**WORK INSTRUCTION:** Repeat exactly what appears from the opening line of the listing to the line with "(Fn_top X n) (W", inclusive.

**EXERCISE DATA:**

lemma transitive_point_SF_top_imp_Fn_top:
  assumes X: "Hausdorff_space X" "X derived_set_of topspace X = topspace X" and "n \<ge> 2"
    and f: "f ` topspace X \<subseteq> topspace X" and B: "B \<in> Fn X n"
    and qB: "transitive_point (SF_top X n) (SFf X f) (qmap X B)"
  shows "transitive_point (Fn_top X n) (Fnf f) B"
proof (rule transitive_point_semiconj_preimage[where h = "qmap X"])
  show "(Fnf f ^^ k) B \<in> topspace (Fn_top X n)" for k
    using funpow_Fnf_in_Fn[OF f B] by simp
  show "(SFf X f ^^ k) (qmap X B) = qmap X ((Fnf f ^^ k) B)" for k
    by (rule funpow_SFf_qmap[OF f])
  show "transitive_point (SF_top X n) (SFf X f) (qmap X B)" by (rule qB)
  fix W assume W: "openin (Fn_top X n) W" "W \<noteq> {}"
  have W_Fn: "W \<subseteq> Fn X n" using openin_subset[OF W(1)] by simp
  have vimage: "{A \<in> Fn X n. qmap X A \<in> qmap X ` (W - F1 X)} = W - F1 X"
    using W_Fn by (intro vimage_qmap_image) auto
  have "W - F1 X = W \<inter> (Fn X n - F1 X)" using W_Fn by blast
  then have "openin (Fn_top X n) (W - F1 X)"
    using W(1) openin_Fn_top_diff_F1[OF X(1)] by (simp add: openin_Int)
  then have "openin (SF_top X n) (qmap X ` (W - F1 X))"
    using W_Fn vimage unfolding openin_SF_top by auto
  moreover have "W - F1 X \<noteq> {}"
    using openin_Fn_top_not_subset_F1[OF X(2) \<open>n \<ge> 2\<close> W] by blast
  moreover have "{A \<in> topspace (Fn_top X n). qmap X A \<in> qmap X ` (W - F1 X)} \<subseteq> W"
    using vimage by auto
  ultimately show "\<exists>V. openin (SF_top X n) V \<and> V \<noteq> {} \<and>
      {A \<in> topspace (Fn_top X n). qmap X A \<in> V} \<subseteq> W" by blast
qed

lemma transitive_point_Fn_top_iff_SF_top:
  assumes "compactum X" "n \<ge> 2" "B \<in> Fn X n" "f ` topspace X \<subseteq> topspace X"
  shows "transitive_point (Fn_top X n) (Fnf f) B \<longleftrightarrow>
         transitive_point (SF_top X n) (SFf X f) (qmap X B)"
  using assms transitive_point_Fn_top_imp_SF_top transitive_point_SF_top_imp_Fn_top
  unfolding compactum_def by blast

lemma transitive_point_Fn_top_imp_transitive_point:
  assumes "n \<ge> 1" and B: "transitive_point (Fn_top X n) (Fnf f) B" and "x \<in> B"
  shows "transitive_point X f x"
  unfolding transitive_point_iff_orbit_meets_open
proof (intro conjI allI impI)
  have "B \<in> Fn X n" using B unfolding transitive_point_def by simp
  then show "x \<in> topspace X" using \<open>x \<in> B\<close> unfolding Fn_def by blast
  fix U assume U: "openin X U \<and> U \<noteq> {}"
  then obtain u where u: "u \<in> U" "u \<in> topspace X" using openin_subset by blast
  then have "{u} \<in> {A \<in> Fn X n. A \<subseteq> U}" using \<open>n \<ge> 1\<close> unfolding Fn_def by simp
  then obtain k where "(Fnf f ^^ k) B \<in> {A \<in> Fn X n. A \<subseteq> U}"
    using B openin_Fn_top_subset[of X U n] U
    unfolding transitive_point_iff_orbit_meets_open by blast
  then show "\<exists>k. (f ^^ k) x \<in> U" using \<open>x \<in> B\<close> unfolding funpow_Fnf by blast
qed

section \<open>A counterexample on the unit interval\<close>

lemma compactum_unit_interval: "compactum (top_of_set {0..1::real})"
  unfolding compactum_def
proof (intro conjI)
  show "compact_space (top_of_set {0..1::real})"
    by (rule compact_space_subtopology) simp
  show "Hausdorff_space (top_of_set {0..1::real})"
    by (rule Hausdorff_space_subtopology) simp
  have "euclidean derived_set_of S = {x. x islimpt S}" for S :: "real set"
    by (auto simp: derived_set_of_def islimpt_def)
  then show "top_of_set {0..1::real} derived_set_of topspace (top_of_set {0..1::real}) =
      topspace (top_of_set {0..1::real})"
    by (auto simp: derived_set_of_subtopology)
  show "\<exists>x\<in>topspace (top_of_set {0..1::real}). \<exists>y\<in>topspace (top_of_set {0..1::real}). x \<noteq> y"
    by (intro bexI[of _ 0] bexI[of _ 1]) auto
qed

definition unit_rationals :: "real set" where
  "unit_rationals = \<rat> \<inter> {0<..<1}"

lemma closure_unit_rationals: "closure unit_rationals = {0..1}"
proof -
  have "closure ({0<..<1} \<inter> \<rat>) = closure {0<..<1::real}"
    by (rule closure_open_Int_superset) (auto simp: Rats_closure_real)
  then show ?thesis unfolding unit_rationals_def by (simp add: Int_commute)
qed

lemma infinite_unit_rationals: "infinite unit_rationals"
proof
  assume "finite unit_rationals"
  then have "closure unit_rationals = unit_rationals"
    by (simp add: closure_closed finite_imp_closed)
  then show False using closure_unit_rationals unfolding unit_rationals_def by auto
qed

lemma countable_unit_rationals: "countable unit_rationals"
  unfolding unit_rationals_def by (rule countable_subset[OF _ countable_rat]) blast

definition rational_shift :: "real \<Rightarrow> real" where
  "rational_shift x =
     from_nat_into unit_rationals
       (if x \<in> unit_rationals then Suc (to_nat_on unit_rationals x) else 0)"

lemma from_nat_into_unit_rationals: "from_nat_into unit_rationals k \<in> unit_rationals"
  using infinite_unit_rationals by (intro from_nat_into) auto

lemma rational_shift_in_unit_rationals: "rational_shift x \<in> unit_rationals"
  unfolding rational_shift_def by (rule from_nat_into_unit_rationals)

lemma funpow_rational_shift:
  assumes "x \<notin> unit_rationals"
  shows "(rational_shift ^^ Suc k) x = from_nat_into unit_rationals k"
proof (induction k)
  case 0
  show ?case using assms by (simp add: rational_shift_def)
next
  case (Suc k)
  then show ?case
    using from_nat_into_unit_rationals countable_unit_rationals infinite_unit_rationals
    by (simp add: rational_shift_def)
qed

lemma transitive_point_rational_shift:
  assumes "x \<in> {0..1} - unit_rationals"
  shows "transitive_point (top_of_set {0..1}) rational_shift x"
proof -
  have "unit_rationals \<subseteq> range (\<lambda>k. (rational_shift ^^ k) x)"
  proof
    fix r assume "r \<in> unit_rationals"
    then obtain k where "r = from_nat_into unit_rationals k"
      using range_from_nat_into[OF _ countable_unit_rationals] by blast
    then show "r \<in> range (\<lambda>k. (rational_shift ^^ k) x)"
      using funpow_rational_shift[of x k] assms by (metis DiffD2 rangeI)
  qed
  then have "top_of_set {0..1} closure_of unit_rationals \<subseteq>
      top_of_set {0..1} closure_of range (\<lambda>k. (rational_shift ^^ k) x)"
    by (rule closure_of_mono)
  moreover have "{0..1} \<inter> unit_rationals = unit_rationals"
    unfolding unit_rationals_def by auto
  then have "top_of_set {0..1} closure_of unit_rationals = {0..1::real}"
    by (simp add: closure_of_subtopology closure_unit_rationals)
  ultimately have "top_of_set {0..1} closure_of range (\<lambda>k. (rational_shift ^^ k) x) = {0..1}"
    using closure_of_subset_topspace[of "top_of_set {0..1::real}"]
    by (metis subset_antisym topspace_euclidean_subtopology)
  then show ?thesis using assms unfolding transitive_point_def by simp
qed

lemma not_transitive_point_Fn_rational_shift:
  "\<not> transitive_point (Fn_top (top_of_set {0..1}) 2) (Fnf rational_shift) {0, 1}"
proof
  let ?X = "top_of_set {0..1::real}"
  let ?W = "{A \<in> Fn ?X 2. A \<subseteq> {0..1} \<inter> {0<..}} \<inter> (Fn ?X 2 - F1 ?X)"
  assume trans: "transitive_point (Fn_top ?X 2) (Fnf rational_shift) {0, 1}"
  have "Hausdorff_space ?X" using compactum_unit_interval unfolding compactum_def by blast
  moreover have "openin ?X ({0..1} \<inter> {0<..})" by (rule openin_open_Int) simp
  ultimately have "openin (Fn_top ?X 2) ?W"
    by (intro openin_Int[OF openin_Fn_top_subset openin_Fn_top_diff_F1])
  moreover have "{1/2, 1} \<in> ?W"
    unfolding Fn_def F1_def by (auto simp: doubleton_eq_iff)
  ultimately obtain k where k: "(Fnf rational_shift ^^ k) {0, 1} \<in> ?W"
    using trans unfolding transitive_point_iff_orbit_meets_open by blast
  show False
  proof (cases k)
    case 0
    then show False using k by simp
  next
    case (Suc m)
    have "(Fnf rational_shift ^^ k) {0, 1} = {from_nat_into unit_rationals m}"
      using funpow_rational_shift[of 0 m] funpow_rational_shift[of 1 m]
      unfolding funpow_Fnf Suc unit_rationals_def by simp
    moreover have "from_nat_into unit_rationals m \<in> {0..1}"
      using from_nat_into_unit_rationals[of m] unfolding unit_rationals_def by auto
    ultimately have "(Fnf rational_shift ^^ k) {0, 1} \<in> F1 ?X"
      unfolding F1_def by auto
    then show False using k by blast
  qed
qed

**SOLUTION:**
lemma transitive_point_SF_top_imp_Fn_top:
  assumes X: "Hausdorff_space X" "X derived_set_of topspace X = topspace X" and "n \<ge> 2"
    and f: "f ` topspace X \<subseteq> topspace X" and B: "B \<in> Fn X n"
    and qB: "transitive_point (SF_top X n) (SFf X f) (qmap X B)"
  shows "transitive_point (Fn_top X n) (Fnf f) B"
proof (rule transitive_point_semiconj_preimage[where h = "qmap X"])
  show "(Fnf f ^^ k) B \<in> topspace (Fn_top X n)" for k
    using funpow_Fnf_in_Fn[OF f B] by simp
  show "(SFf X f ^^ k) (qmap X B) = qmap X ((Fnf f ^^ k) B)" for k
    by (rule funpow_SFf_qmap[OF f])
  show "transitive_point (SF_top X n) (SFf X f) (qmap X B)" by (rule qB)
  fix W assume W: "openin (Fn_top X n) W" "W \<noteq> {}"
  have W_Fn: "W \<subseteq> Fn X n" using openin_subset[OF W(1)] by simp
  have vimage: "{A \<in> Fn X n. qmap X A \<in> qmap X ` (W - F1 X)} = W - F1 X"
    using W_Fn by (intro vimage_qmap_image) auto
  have "W - F1 X = W \<inter> (Fn X n - F1 X)" using W_Fn by blast
  then have "openin (Fn_top X n) (W - F1 X)"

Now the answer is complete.